Stored items:
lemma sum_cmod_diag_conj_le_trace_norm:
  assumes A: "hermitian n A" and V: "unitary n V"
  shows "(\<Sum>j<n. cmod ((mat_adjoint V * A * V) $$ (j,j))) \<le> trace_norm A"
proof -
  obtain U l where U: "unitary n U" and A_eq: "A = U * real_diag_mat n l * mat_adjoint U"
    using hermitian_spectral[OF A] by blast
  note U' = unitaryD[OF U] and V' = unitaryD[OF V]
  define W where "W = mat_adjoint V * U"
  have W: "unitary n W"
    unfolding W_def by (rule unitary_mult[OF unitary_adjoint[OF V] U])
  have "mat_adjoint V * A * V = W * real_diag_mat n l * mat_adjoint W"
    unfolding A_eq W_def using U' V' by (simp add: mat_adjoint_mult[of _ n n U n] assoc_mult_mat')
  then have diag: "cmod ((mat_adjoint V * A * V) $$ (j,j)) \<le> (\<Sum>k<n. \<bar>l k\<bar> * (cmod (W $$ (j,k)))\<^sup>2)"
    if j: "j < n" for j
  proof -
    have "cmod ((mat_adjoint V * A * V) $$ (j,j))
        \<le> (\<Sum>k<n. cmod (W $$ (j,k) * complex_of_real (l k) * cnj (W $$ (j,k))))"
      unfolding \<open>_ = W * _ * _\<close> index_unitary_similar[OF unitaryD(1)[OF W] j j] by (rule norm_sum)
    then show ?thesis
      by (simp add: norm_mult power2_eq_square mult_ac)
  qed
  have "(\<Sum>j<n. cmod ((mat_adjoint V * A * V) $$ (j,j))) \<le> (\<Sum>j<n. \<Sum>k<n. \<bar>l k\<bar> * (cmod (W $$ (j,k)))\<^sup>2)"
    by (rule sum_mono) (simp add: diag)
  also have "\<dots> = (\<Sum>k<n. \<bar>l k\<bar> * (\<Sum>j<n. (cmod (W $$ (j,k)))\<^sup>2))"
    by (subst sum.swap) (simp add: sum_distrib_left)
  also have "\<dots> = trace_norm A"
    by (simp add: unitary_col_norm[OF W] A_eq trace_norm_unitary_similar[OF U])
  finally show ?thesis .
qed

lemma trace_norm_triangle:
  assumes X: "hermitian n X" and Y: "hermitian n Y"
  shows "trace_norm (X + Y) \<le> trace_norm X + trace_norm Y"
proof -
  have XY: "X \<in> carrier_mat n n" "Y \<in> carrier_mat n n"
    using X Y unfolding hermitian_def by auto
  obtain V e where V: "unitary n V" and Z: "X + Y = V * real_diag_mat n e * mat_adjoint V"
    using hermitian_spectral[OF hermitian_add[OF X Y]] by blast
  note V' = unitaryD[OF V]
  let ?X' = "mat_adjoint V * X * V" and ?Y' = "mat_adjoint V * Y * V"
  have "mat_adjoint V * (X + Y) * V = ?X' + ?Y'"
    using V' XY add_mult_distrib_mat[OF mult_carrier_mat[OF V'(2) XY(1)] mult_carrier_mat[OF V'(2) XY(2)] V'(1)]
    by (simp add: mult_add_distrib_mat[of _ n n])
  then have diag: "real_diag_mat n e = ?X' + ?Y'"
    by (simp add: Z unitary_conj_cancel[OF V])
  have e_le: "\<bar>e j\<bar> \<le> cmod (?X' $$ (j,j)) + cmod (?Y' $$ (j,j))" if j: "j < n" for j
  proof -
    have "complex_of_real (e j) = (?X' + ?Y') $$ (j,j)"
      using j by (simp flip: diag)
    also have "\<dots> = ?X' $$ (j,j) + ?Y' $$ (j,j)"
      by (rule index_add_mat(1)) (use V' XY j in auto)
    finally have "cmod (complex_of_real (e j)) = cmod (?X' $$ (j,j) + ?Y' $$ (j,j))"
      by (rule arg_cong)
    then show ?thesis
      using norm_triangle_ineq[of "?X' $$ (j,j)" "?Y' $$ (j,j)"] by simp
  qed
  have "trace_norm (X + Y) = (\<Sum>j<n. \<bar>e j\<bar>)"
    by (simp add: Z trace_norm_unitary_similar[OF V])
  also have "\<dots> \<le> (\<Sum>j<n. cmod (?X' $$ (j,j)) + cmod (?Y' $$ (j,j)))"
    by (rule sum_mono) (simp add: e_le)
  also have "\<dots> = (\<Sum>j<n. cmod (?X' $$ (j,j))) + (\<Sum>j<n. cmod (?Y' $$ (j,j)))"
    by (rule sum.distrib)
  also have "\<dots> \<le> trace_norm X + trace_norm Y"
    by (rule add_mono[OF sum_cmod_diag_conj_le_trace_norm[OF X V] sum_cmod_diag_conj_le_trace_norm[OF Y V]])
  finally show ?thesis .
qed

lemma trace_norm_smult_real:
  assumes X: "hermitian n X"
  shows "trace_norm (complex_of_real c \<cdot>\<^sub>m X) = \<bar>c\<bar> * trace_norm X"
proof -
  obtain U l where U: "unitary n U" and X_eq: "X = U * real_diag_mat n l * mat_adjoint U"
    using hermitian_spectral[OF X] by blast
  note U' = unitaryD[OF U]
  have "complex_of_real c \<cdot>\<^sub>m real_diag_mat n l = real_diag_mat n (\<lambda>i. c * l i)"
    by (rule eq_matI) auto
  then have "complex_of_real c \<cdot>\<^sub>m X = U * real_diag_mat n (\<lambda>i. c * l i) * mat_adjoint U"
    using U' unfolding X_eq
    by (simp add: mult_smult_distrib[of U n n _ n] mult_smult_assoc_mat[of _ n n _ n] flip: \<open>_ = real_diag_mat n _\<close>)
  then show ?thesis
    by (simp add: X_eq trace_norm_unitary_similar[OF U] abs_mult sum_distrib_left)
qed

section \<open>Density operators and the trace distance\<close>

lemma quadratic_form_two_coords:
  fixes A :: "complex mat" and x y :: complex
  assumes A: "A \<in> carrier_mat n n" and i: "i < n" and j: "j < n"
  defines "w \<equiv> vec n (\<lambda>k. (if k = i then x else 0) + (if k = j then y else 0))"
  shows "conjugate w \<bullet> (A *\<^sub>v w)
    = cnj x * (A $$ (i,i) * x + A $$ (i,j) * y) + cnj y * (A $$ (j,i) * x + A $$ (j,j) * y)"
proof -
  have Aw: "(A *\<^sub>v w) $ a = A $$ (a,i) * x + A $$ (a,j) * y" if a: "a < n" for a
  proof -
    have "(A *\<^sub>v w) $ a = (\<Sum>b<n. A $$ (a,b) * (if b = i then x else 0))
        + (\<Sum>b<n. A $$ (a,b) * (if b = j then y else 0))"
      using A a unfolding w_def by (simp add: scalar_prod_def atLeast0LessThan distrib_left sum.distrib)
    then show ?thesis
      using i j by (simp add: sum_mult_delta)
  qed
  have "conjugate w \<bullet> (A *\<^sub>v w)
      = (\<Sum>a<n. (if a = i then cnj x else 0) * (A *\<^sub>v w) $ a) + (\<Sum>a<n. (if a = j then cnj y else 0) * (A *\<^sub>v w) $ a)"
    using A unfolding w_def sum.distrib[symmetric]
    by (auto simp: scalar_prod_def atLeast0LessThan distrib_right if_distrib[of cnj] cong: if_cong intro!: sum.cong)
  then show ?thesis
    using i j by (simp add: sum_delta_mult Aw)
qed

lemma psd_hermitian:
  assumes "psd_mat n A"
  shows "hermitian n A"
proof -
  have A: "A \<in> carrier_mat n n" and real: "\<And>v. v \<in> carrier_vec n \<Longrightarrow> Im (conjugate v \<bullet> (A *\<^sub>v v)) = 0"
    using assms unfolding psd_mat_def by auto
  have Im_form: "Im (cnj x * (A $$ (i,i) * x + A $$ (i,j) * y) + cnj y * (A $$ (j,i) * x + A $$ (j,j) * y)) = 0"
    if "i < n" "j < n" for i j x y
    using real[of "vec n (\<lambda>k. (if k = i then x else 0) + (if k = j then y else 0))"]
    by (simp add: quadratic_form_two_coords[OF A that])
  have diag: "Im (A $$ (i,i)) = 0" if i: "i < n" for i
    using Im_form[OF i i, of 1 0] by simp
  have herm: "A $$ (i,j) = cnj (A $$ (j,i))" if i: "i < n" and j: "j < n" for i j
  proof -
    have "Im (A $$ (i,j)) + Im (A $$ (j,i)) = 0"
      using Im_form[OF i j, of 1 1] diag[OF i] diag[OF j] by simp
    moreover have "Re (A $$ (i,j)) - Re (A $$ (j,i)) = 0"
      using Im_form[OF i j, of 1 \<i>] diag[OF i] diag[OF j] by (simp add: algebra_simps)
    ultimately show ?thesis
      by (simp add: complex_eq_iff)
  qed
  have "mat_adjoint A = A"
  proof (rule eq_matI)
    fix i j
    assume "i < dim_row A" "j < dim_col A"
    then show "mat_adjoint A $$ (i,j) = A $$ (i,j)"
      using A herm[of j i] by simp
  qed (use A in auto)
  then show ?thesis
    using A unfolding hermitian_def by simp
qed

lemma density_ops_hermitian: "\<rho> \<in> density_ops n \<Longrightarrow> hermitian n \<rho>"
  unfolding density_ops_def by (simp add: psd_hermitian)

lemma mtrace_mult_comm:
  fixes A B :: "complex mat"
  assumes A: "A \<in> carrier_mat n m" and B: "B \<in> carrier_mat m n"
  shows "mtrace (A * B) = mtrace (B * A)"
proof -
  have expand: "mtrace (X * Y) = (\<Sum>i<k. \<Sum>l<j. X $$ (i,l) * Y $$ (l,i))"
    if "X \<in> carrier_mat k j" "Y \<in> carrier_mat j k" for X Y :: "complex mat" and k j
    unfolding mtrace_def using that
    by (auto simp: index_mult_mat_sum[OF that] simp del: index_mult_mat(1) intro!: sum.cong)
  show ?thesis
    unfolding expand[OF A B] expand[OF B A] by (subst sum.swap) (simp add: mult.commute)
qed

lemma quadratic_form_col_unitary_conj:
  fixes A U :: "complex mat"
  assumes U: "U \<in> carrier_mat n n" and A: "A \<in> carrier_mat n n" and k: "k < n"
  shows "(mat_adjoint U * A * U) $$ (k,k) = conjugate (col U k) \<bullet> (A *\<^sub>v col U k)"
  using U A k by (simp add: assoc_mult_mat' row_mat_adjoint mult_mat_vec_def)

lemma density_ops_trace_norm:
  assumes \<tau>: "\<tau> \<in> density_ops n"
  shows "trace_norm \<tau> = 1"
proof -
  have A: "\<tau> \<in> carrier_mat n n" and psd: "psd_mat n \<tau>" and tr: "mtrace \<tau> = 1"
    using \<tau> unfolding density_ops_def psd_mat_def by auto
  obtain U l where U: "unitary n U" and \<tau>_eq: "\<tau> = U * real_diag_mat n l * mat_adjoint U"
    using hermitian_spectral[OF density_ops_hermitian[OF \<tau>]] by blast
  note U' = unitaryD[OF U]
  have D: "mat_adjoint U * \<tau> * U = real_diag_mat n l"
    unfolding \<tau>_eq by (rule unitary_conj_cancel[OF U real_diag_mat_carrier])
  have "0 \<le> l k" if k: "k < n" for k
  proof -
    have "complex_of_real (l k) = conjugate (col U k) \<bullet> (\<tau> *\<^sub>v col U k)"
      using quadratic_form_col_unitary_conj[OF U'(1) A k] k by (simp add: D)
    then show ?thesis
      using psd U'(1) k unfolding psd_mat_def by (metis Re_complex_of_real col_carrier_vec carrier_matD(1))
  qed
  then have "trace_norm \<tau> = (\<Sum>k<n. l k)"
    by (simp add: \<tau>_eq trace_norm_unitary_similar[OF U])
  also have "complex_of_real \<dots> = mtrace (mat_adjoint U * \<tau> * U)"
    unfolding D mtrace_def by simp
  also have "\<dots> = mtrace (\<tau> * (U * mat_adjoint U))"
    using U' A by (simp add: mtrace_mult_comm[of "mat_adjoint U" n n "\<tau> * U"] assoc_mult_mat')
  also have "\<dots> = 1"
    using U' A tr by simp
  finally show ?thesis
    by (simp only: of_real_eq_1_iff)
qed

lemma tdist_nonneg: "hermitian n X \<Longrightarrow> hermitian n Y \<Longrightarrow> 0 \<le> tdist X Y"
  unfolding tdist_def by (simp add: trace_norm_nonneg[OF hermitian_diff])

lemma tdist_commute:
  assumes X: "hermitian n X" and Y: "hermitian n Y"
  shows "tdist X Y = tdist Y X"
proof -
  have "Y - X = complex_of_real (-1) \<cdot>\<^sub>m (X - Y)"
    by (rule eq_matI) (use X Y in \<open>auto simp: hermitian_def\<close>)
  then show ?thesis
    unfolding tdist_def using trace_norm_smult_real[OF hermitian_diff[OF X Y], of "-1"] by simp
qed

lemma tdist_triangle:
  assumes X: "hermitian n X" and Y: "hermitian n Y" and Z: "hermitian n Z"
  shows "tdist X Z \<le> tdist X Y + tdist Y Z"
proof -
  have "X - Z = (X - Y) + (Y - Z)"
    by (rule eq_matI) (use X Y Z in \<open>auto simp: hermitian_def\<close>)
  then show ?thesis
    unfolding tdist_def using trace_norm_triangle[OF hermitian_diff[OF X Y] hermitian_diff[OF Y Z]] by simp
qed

---

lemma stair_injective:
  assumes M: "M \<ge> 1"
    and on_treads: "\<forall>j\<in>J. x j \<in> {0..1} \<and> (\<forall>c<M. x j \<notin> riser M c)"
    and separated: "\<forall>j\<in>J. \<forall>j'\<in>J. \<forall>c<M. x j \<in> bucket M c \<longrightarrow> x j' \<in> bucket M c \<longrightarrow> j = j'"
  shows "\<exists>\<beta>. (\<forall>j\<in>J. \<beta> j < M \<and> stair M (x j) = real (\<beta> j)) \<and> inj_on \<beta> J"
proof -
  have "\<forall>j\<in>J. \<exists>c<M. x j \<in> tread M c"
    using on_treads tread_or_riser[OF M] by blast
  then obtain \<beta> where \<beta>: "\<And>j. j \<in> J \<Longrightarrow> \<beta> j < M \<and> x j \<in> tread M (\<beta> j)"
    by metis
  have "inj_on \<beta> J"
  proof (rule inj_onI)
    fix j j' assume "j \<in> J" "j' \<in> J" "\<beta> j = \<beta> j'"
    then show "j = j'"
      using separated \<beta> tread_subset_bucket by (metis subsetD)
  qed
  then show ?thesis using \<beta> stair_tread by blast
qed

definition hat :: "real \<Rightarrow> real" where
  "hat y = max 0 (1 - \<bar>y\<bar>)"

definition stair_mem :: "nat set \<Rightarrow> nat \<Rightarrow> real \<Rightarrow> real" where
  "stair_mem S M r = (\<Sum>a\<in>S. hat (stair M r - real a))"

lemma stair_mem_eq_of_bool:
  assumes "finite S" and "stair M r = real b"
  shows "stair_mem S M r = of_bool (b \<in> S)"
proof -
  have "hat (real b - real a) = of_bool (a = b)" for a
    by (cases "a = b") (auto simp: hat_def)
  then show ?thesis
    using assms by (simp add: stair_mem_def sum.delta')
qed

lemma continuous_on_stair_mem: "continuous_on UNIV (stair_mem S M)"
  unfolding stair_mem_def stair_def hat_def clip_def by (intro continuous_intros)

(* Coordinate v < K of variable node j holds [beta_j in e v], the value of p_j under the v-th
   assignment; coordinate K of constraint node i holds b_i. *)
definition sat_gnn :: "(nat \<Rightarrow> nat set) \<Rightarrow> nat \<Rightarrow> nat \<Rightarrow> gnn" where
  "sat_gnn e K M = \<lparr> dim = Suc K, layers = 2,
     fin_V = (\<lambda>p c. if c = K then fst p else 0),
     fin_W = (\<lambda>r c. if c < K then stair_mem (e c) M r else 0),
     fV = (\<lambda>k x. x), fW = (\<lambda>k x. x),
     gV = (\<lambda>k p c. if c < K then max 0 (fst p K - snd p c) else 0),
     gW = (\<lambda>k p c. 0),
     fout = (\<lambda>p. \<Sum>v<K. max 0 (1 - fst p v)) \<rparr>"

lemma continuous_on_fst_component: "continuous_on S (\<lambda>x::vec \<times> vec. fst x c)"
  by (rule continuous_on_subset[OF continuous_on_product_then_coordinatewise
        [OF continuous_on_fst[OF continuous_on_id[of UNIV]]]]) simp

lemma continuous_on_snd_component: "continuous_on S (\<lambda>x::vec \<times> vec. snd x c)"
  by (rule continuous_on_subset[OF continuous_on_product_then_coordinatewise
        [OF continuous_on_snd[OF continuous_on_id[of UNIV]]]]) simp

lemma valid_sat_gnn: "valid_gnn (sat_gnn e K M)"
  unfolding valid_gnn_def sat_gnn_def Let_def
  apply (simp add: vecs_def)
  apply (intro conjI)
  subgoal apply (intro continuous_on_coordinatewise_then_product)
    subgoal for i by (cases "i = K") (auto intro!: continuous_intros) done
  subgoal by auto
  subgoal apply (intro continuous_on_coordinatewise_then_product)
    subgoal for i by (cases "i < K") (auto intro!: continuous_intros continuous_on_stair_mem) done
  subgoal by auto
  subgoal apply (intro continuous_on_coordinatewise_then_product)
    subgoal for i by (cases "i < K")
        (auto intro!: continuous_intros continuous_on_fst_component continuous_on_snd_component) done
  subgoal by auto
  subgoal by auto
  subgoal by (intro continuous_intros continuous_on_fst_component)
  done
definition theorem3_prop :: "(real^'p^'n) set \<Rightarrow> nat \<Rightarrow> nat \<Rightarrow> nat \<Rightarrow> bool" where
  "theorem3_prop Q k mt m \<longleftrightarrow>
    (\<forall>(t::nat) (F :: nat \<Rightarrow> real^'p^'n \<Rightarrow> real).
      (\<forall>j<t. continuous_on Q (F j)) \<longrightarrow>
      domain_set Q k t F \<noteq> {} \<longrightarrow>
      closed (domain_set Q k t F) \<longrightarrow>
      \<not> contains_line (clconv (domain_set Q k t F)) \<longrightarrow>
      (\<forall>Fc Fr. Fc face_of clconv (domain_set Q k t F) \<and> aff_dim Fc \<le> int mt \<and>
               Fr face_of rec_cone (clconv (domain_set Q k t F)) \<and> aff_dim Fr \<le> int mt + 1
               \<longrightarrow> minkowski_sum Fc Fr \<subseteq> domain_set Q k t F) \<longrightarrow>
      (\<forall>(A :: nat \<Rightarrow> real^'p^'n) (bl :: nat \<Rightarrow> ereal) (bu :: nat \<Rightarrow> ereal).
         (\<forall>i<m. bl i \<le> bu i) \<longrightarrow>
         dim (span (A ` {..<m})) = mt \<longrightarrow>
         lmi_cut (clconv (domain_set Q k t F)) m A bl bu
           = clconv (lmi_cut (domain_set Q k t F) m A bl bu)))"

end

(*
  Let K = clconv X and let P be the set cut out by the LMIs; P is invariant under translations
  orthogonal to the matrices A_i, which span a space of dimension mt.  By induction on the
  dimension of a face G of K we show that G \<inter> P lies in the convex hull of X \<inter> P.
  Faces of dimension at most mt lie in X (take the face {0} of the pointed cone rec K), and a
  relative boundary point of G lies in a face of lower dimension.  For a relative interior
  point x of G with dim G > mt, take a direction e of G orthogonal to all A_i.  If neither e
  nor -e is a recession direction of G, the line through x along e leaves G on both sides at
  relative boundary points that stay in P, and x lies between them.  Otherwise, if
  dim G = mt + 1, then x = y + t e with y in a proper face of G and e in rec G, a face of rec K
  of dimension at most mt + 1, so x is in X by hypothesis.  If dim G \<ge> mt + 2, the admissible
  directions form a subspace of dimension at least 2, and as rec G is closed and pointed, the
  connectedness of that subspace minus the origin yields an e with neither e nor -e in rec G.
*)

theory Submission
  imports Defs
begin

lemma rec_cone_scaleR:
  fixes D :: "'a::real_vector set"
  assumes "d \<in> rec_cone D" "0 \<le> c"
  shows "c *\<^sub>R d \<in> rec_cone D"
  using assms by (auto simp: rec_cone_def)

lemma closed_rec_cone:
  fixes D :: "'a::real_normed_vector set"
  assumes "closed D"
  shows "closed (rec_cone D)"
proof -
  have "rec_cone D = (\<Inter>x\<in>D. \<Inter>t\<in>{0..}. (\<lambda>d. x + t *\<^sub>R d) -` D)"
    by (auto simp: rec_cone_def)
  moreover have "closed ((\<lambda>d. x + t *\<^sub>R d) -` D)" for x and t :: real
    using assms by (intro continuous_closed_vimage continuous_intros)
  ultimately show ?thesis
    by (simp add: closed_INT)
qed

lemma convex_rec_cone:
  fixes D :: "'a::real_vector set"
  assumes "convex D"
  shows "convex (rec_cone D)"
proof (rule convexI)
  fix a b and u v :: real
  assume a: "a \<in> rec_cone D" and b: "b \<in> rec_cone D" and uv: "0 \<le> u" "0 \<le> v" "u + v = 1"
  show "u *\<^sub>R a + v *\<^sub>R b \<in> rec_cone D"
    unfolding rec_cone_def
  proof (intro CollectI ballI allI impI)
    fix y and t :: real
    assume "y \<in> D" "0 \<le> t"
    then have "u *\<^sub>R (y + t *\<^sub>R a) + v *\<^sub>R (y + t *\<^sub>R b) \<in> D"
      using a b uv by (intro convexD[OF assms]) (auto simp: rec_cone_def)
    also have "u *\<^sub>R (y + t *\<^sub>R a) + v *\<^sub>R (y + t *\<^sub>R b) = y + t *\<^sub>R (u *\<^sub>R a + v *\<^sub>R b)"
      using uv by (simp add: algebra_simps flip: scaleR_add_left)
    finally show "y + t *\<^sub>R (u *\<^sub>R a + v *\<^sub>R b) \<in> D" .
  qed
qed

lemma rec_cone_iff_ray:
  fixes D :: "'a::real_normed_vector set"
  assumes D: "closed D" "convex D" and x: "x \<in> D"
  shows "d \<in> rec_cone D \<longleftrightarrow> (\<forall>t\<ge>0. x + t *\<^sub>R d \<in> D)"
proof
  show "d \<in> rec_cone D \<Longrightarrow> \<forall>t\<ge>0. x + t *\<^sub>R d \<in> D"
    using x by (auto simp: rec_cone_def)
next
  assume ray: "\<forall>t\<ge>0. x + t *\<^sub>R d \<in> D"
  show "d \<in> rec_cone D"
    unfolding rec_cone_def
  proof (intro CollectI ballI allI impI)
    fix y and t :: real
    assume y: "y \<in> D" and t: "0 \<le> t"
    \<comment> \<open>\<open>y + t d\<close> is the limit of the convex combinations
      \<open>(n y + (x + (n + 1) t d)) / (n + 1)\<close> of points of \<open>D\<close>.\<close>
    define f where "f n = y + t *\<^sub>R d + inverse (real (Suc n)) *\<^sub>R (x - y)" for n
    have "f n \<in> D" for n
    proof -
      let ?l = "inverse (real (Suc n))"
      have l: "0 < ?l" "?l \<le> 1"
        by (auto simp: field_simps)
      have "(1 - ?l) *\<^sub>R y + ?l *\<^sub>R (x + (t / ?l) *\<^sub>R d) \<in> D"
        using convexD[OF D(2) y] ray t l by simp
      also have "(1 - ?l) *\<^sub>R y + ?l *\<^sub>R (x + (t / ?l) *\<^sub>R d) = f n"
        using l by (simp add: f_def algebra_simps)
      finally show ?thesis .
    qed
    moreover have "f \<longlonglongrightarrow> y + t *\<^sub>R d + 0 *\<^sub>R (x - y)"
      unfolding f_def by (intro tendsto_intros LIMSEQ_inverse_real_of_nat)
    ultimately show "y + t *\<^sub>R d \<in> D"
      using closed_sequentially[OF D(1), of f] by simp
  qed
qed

- WHAT TO PRODUCE: Which lines above contain the word "node"? List them.

- EXERCISE RESPONSE:
(* Coordinate v < K of variable node j holds [beta_j in e v], the value of p_j under the v-th
   assignment; coordinate K of constraint node i holds b_i. *)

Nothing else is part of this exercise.